▶ [Assignment]: Check each line of the entries below for the word "Iobs", then state how many lines have it and nothing more.
* * * * * * * * *
(* Let $c\in C$ and $t\in\mathbb{Z}^+$ with $t\ge 2$. Suppose Assumption 1 (Instantaneous Exponential Growth): $\mathbb{E}[\ln(I^t_{s,c})\mid s,X_{t,c}]=\alpha(X_{t,c})+r(X_{t,c})s+\mathbb{E}[\varepsilon_{t,c}\mid X_{t,c}]$, and Assumption 2 (Overlap): $\mathbb{E}[\ln(I^t_{s,c})\mid s=t-1,X_{t,c}]=\mathbb{E}[\ln(I^{t-1}_{s,c})\mid s=t-1,X_{t-1,c}]$ hold. Then the county-level instantaneous exponential growth rate is identified as $$r_{t,c}=\mathbb{E}[\ln(I^t_{s,c})\mid s=t,X_{t,c}]-\mathbb{E}[\ln(I^{t-1}_{s,c})\mid s=t-1,X_{t-1,c}].$$
   Context: Let $C$ be a finite set of counties and $\mathbb{Z}^+=\{1,2,3,\dots\}$ the set of days. For county $c$ and day $s$, $I_{s,c}>0$ is the observed incident case number and $X_{s,c}$ a (random) feature vector; $\alpha(\cdot)$, $r(\cdot)$ are functions of the features. Actual growth model: $\ln(I_{s,c})=\alpha(X_{s,c})+r(X_{s,c})s+\varepsilon_{s,c}$. For each $t\in\mathbb{Z}^+$, potential growth model: $\ln(I^t_{s,c})=\alpha(X_{t,c})+r(X_{t,c})s+\varepsilon_{t,c}$, where $I^t_{s,c}$ is the potential incident case number of county $c$ on day $s$ if spread followed the day-$t$ pattern, with $I^s_{s,c}=I_{s,c}$ observed. The day $s$ is a random variable. The instantaneous county-level exponential growth rate is $r_{t,c}:=\mathbb{E}[\ln(I^t_{s,c}/I^t_{s-1,c})\mid X_{t,c}]$. *)

theory Defs
  imports "HOL-Probability.Probability"
begin

text \<open>Regression-function version of a conditional expectation:
  cond_exp_fun M N Z Y g  means  g(z) = E[Y | Z = z], i.e. the random variable
  g(Z) is (almost everywhere) the conditional expectation of Y given the
  sigma-algebra generated by Z (library notion real_cond_exp).\<close>
definition cond_exp_fun ::
  "'w measure \<Rightarrow> 'z measure \<Rightarrow> ('w \<Rightarrow> 'z) \<Rightarrow> ('w \<Rightarrow> real) \<Rightarrow> ('z \<Rightarrow> real) \<Rightarrow> bool" where
  "cond_exp_fun M N Z Y g \<longleftrightarrow>
     Z \<in> measurable M N \<and> g \<in> borel_measurable N \<and> integrable M Y \<and>
     (AE \<omega> in M. g (Z \<omega>) = real_cond_exp M (vimage_algebra (space M) Z N) Y \<omega>)"

end

theory Submission
  imports Defs
begin

text \<open>Under the potential growth model the day-t pattern is exactly log-linear in the day, so
  the log growth ratio is the deterministic function r(X t c) of the conditioning variable and
  is therefore its own conditional expectation. On the other side, Assumption 1 makes the
  regression m1 affine in the day with slope r, and Assumption 2 replaces m1 at day t - 1 by the
  observable regression m2.\<close>

lemma subalgebra_vimage_algebra:
  assumes "Z \<in> measurable M N"
  shows "subalgebra M (vimage_algebra (space M) Z N)"
  using sets_image_in_sets[OF refl assms] by (simp add: subalgebra_def)

lemma (in finite_measure) cond_exp_fun_AE_eq_factor:
  assumes ce: "cond_exp_fun M N Z Y g"
    and factor: "\<forall>\<omega>\<in>space M. Y \<omega> = h (Z \<omega>)" and h: "h \<in> borel_measurable N"
  shows "AE \<omega> in M. g (Z \<omega>) = h (Z \<omega>)"
proof -
  let ?F = "vimage_algebra (space M) Z N"
  have Z: "Z \<in> measurable M N" and Y: "integrable M Y"
    and g: "AE \<omega> in M. g (Z \<omega>) = real_cond_exp M ?F Y \<omega>"
    using ce unfolding cond_exp_fun_def by auto
  interpret finite_measure_subalgebra M ?F
    by unfold_locales (rule subalgebra_vimage_algebra[OF Z])
  have "Z \<in> measurable ?F N"
    using measurable_space[OF Z] by (intro measurable_vimage_algebra1) blast
  then have "(\<lambda>\<omega>. h (Z \<omega>)) \<in> borel_measurable ?F"
    using h by measurable
  then have "Y \<in> borel_measurable ?F"
    by (rule measurable_cong[THEN iffD2, rotated]) (simp add: factor)
  then have "AE \<omega> in M. real_cond_exp M ?F Y \<omega> = Y \<omega>"
    using Y by (rule real_cond_exp_F_meas[rotated])
  with g AE_space show ?thesis
    by eventually_elim (simp add: factor)
qed

lemma ln_ratio_of_log_linear:
  fixes f :: "nat \<Rightarrow> real"
  assumes pos: "\<And>d. f d > 0" and log_linear: "\<And>d. ln (f d) = a + b * real d" and "k \<ge> 1"
  shows "ln (f k / f (k - 1)) = b"
proof -
  have "ln (f k / f (k - 1)) = ln (f k) - ln (f (k - 1))"
    using pos[of k] pos[of "k - 1"] by (simp add: ln_div)
  also have "\<dots> = b * (real k - real (k - 1))"
    by (simp add: log_linear algebra_simps)
  finally show ?thesis
    using \<open>k \<ge> 1\<close> by (simp add: of_nat_diff)
qed

theorem theorem1:
  fixes M :: "'w measure" and MX :: "'x measure"
    and C :: "'c set" and c :: 'c and t :: nat
    and s :: "'w \<Rightarrow> nat"
    and X :: "nat \<Rightarrow> 'c \<Rightarrow> 'w \<Rightarrow> 'x"
    and eps :: "nat \<Rightarrow> 'c \<Rightarrow> 'w \<Rightarrow> real"
    and \<alpha> r :: "'x \<Rightarrow> real"
    and Iobs :: "nat \<Rightarrow> 'c \<Rightarrow> 'w \<Rightarrow> real"
    and Ipot :: "nat \<Rightarrow> nat \<Rightarrow> 'c \<Rightarrow> 'w \<Rightarrow> real"
    and rate :: "'x \<Rightarrow> real" and e :: "'x \<Rightarrow> real"
    and m1 m2 :: "nat \<times> 'x \<Rightarrow> real"
  assumes M: "prob_space M"
    and C: "finite C" and c: "c \<in> C" and t: "t \<ge> 2"
    and s_meas: "s \<in> measurable M (count_space UNIV)"
    and s_pos: "\<forall>\<omega>\<in>space M. s \<omega> \<ge> 1"
    and X_meas: "\<forall>d cc. X d cc \<in> measurable M MX"
    and eps_meas: "\<forall>d cc. eps d cc \<in> borel_measurable M"
    and \<alpha>_meas: "\<alpha> \<in> borel_measurable MX" and r_meas: "r \<in> borel_measurable MX"
    and Iobs_pos: "\<forall>d\<ge>1. \<forall>cc\<in>C. \<forall>\<omega>\<in>space M. Iobs d cc \<omega> > 0"
    and actual_model: "\<forall>d\<ge>1. \<forall>cc\<in>C. \<forall>\<omega>\<in>space M.
          ln (Iobs d cc \<omega>) = \<alpha> (X d cc \<omega>) + r (X d cc \<omega>) * real d + eps d cc \<omega>"
    and Ipot_pos: "\<forall>tt\<ge>1. \<forall>d. \<forall>cc\<in>C. \<forall>\<omega>\<in>space M. Ipot tt d cc \<omega> > 0"
    and potential_model: "\<forall>tt\<ge>1. \<forall>d. \<forall>cc\<in>C. \<forall>\<omega>\<in>space M.
          ln (Ipot tt d cc \<omega>) = \<alpha> (X tt cc \<omega>) + r (X tt cc \<omega>) * real d + eps tt cc \<omega>"
    and consistency: "\<forall>d\<ge>1. \<forall>cc\<in>C. \<forall>\<omega>\<in>space M. Ipot d d cc \<omega> = Iobs d cc \<omega>"
    and rate_def: "cond_exp_fun M MX (X t c)
          (\<lambda>\<omega>. ln (Ipot t (s \<omega>) c \<omega> / Ipot t (s \<omega> - 1) c \<omega>)) rate"
    and m1: "cond_exp_fun M (count_space UNIV \<Otimes>\<^sub>M MX) (\<lambda>\<omega>. (s \<omega>, X t c \<omega>))
          (\<lambda>\<omega>. ln (Ipot t (s \<omega>) c \<omega>)) m1"
    and e: "cond_exp_fun M MX (X t c) (eps t c) e"
    and assumption1: "\<forall>k\<ge>1. \<forall>x\<in>space MX. m1 (k, x) = \<alpha> x + r x * real k + e x"
    and m2: "cond_exp_fun M (count_space UNIV \<Otimes>\<^sub>M MX) (\<lambda>\<omega>. (s \<omega>, X (t - 1) c \<omega>))
          (\<lambda>\<omega>. ln (Ipot (t - 1) (s \<omega>) c \<omega>)) m2"
    and assumption2: "AE \<omega> in M. m1 (t - 1, X t c \<omega>) = m2 (t - 1, X (t - 1) c \<omega>)"
  shows "AE \<omega> in M. rate (X t c \<omega>) = m1 (t, X t c \<omega>) - m2 (t - 1, X (t - 1) c \<omega>)"
proof -
  have t1: "t \<ge> 1" using t by simp
  have log_ratio: "\<forall>\<omega>\<in>space M. ln (Ipot t (s \<omega>) c \<omega> / Ipot t (s \<omega> - 1) c \<omega>) = r (X t c \<omega>)"
  proof
    fix \<omega> assume "\<omega> \<in> space M"
    then show "ln (Ipot t (s \<omega>) c \<omega> / Ipot t (s \<omega> - 1) c \<omega>) = r (X t c \<omega>)"
      using Ipot_pos potential_model s_pos t1 c
      by (intro ln_ratio_of_log_linear[where a = "\<alpha> (X t c \<omega>) + eps t c \<omega>"]) auto
  qed
  have rate_eq: "AE \<omega> in M. rate (X t c \<omega>) = r (X t c \<omega>)"
    using M r_meas log_ratio rate_def
    by (intro finite_measure.cond_exp_fun_AE_eq_factor) (auto simp: prob_space_def)
  have slope: "m1 (t, x) - m1 (t - 1, x) = r x" if "x \<in> space MX" for x
    using assumption1 that t by (simp add: of_nat_diff algebra_simps)
  show ?thesis
    using rate_eq assumption2 AE_space
  proof eventually_elim
    case (elim \<omega>)
    then have "X t c \<omega> \<in> space MX"
      using measurable_space[OF X_meas[rule_format]] by blast
    with elim(1,2) slope show ?case by (metis eq_diff_eq')
  qed
qed

end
* * * * * * * * *
▶ [Output of the task]: 4